### WHAT IS EXPECTED
Search the listing below for the string "constant", then copy every line it appears in.

### EXERCISE DATA

(* Let $d\ge1$, $\sigma>0$, and let $A_0,A_1\in\mathbb{R}^{d\times d}$ be constant matrices with $A_0A_1\ne A_1A_0$. Let $\Psi:[-\sigma,0]\to\mathbb{R}^{d\times d}$ be continuously differentiable with $A_1\Psi(\vartheta)=\Psi(\vartheta)A_1$ for all $\vartheta\in[-\sigma,0]$. Let $Z$ be the function defined in the context. Then \[ X(\vartheta)=Z(\vartheta)\Psi(-\sigma)+\int_{-\sigma}^{0}Z(\vartheta-\sigma-s)\dot\Psi(s)\,ds,\qquad \vartheta\in[-\sigma,\infty), \] is a solution of \[ \dot X(\vartheta)=A_0X(\vartheta-\sigma)+X(\vartheta-\sigma)A_1,\ \ \vartheta\in[0,\infty),\qquad X(\vartheta)=\Psi(\vartheta),\ \ \vartheta\in[-\sigma,0]. \]
   Context: $\Theta$ and $I$ denote the $d\times d$ zero and identity matrices. Define matrices $Q_{r+1}(r\sigma)$, $r=0,1,2,\dots$, recursively by $Q_1(0)=I$ and $Q_{r+1}(r\sigma)=A_0Q_r((r-1)\sigma)+Q_r((r-1)\sigma)A_1$ for $r\ge 1$. Define $Z:\mathbb{R}\to\mathbb{R}^{d\times d}$ by $Z(\vartheta)=\Theta$ for $\vartheta<-\sigma$, and, for each integer $u\ge 0$ and $\vartheta\in[(u-1)\sigma,u\sigma)$, \[ Z(\vartheta)=\sum_{r=0}^{u}Q_{r+1}(r\sigma)\frac{(\vartheta-(r-1)\sigma)^r}{r!}. \] *)

theory Defs
  imports "HOL-Analysis.Analysis"
begin

text \<open>Q r stands for the matrix Q_{r+1}(r sigma) of the paper.\<close>
fun Qmat :: "real^'n^'n \<Rightarrow> real^'n^'n \<Rightarrow> nat \<Rightarrow> real^'n^'n" where
  "Qmat A0 A1 0 = mat 1"
| "Qmat A0 A1 (Suc r) = A0 ** Qmat A0 A1 r + Qmat A0 A1 r ** A1"

definition Zfun :: "real^'n^'n \<Rightarrow> real^'n^'n \<Rightarrow> real \<Rightarrow> real \<Rightarrow> real^'n^'n" where
  "Zfun A0 A1 \<sigma> \<theta> =
     (if \<theta> < - \<sigma> then 0
      else (\<Sum>r = 0..nat (\<lfloor>\<theta> / \<sigma>\<rfloor> + 1).
              ((\<theta> - (real r - 1) * \<sigma>) ^ r / fact r) *\<^sub>R Qmat A0 A1 r))"

end

theory Submission
  imports Defs
begin

text \<open>Z is a finite combination of the matrices Q_r with scalar kernels: Z(t) = sum_r g_r(t) Q_r,
  where g_0 is the indicator of [-\<sigma>, \<infinity>) and g_(r+1)(t) = max(0, t - r\<sigma>)^(r+1) / (r+1)!.
  Hence X = sum_r Q_r K_r with K_r(\<theta>) = g_r(\<theta>) \<Psi>(-\<sigma>) + \<integral> g_r(\<theta> - \<sigma> - s) \<Psi>'(s) ds.
  Since g_(r+1)' = g_r(. - \<sigma>) (away from the kink of g_1 at 0), differentiating under the
  integral gives K_(r+1)' = K_r(. - \<sigma>) on [0, \<infinity>), while K_0(\<theta>) = \<Psi>(min \<theta> 0) is constant
  there and K_(r+1) vanishes on [-\<sigma>, 0]. As A1 commutes with \<Psi>, it commutes with \<Psi>' and with
  every K_r, so the recursion Q_(r+1) = A0 Q_r + Q_r A1 turns X' = sum_r Q_(r+1) K_r(\<theta> - \<sigma>)
  into A0 X(\<theta> - \<sigma>) + X(\<theta> - \<sigma>) A1.\<close>

lemma bounded_linear_matrix_mult_left: "bounded_linear (\<lambda>B::real^'n^'m. A ** B)"
  by (auto intro!: bounded_linearI' simp: matrix_add_ldistrib matrix_scalar_ac scalar_matrix_assoc)

lemma matrix_add_rdistrib: "(B + C) ** A = B ** A + C ** A"
  for A :: "real^'n^'m" and B C :: "real^'m^'k"
  by (vector matrix_matrix_mult_def sum.distrib[symmetric] field_simps)

lemma bounded_linear_matrix_mult_right: "bounded_linear (\<lambda>B::real^'m^'k. B ** A)"
  by (auto intro!: bounded_linearI' simp: matrix_add_rdistrib scalar_matrix_assoc)

lemma matrix_mult_sum_left: "A ** (\<Sum>r\<in>S. f r) = (\<Sum>r\<in>S. A ** f r)"
  for A :: "real^'m^'k" and f :: "'a \<Rightarrow> real^'n^'m"
  by (rule linear_sum[OF bounded_linear.linear[OF bounded_linear_matrix_mult_left]])

lemma matrix_mult_sum_right: "(\<Sum>r\<in>S. f r) ** A = (\<Sum>r\<in>S. f r ** A)"
  for A :: "real^'n^'m" and f :: "'a \<Rightarrow> real^'m^'k"
  by (rule linear_sum[OF bounded_linear.linear[OF bounded_linear_matrix_mult_right]])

### RESPONSE TO THE TASK
(* Let $d\ge1$, $\sigma>0$, and let $A_0,A_1\in\mathbb{R}^{d\times d}$ be constant matrices with $A_0A_1\ne A_1A_0$. Let $\Psi:[-\sigma,0]\to\mathbb{R}^{d\times d}$ be continuously differentiable with $A_1\Psi(\vartheta)=\Psi(\vartheta)A_1$ for all $\vartheta\in[-\sigma,0]$. Let $Z$ be the function defined in the context. Then \[ X(\vartheta)=Z(\vartheta)\Psi(-\sigma)+\int_{-\sigma}^{0}Z(\vartheta-\sigma-s)\dot\Psi(s)\,ds,\qquad \vartheta\in[-\sigma,\infty), \] is a solution of \[ \dot X(\vartheta)=A_0X(\vartheta-\sigma)+X(\vartheta-\sigma)A_1,\ \ \vartheta\in[0,\infty),\qquad X(\vartheta)=\Psi(\vartheta),\ \ \vartheta\in[-\sigma,0]. \]
  integral gives K_(r+1)' = K_r(. - \<sigma>) on [0, \<infinity>), while K_0(\<theta>) = \<Psi>(min \<theta> 0) is constant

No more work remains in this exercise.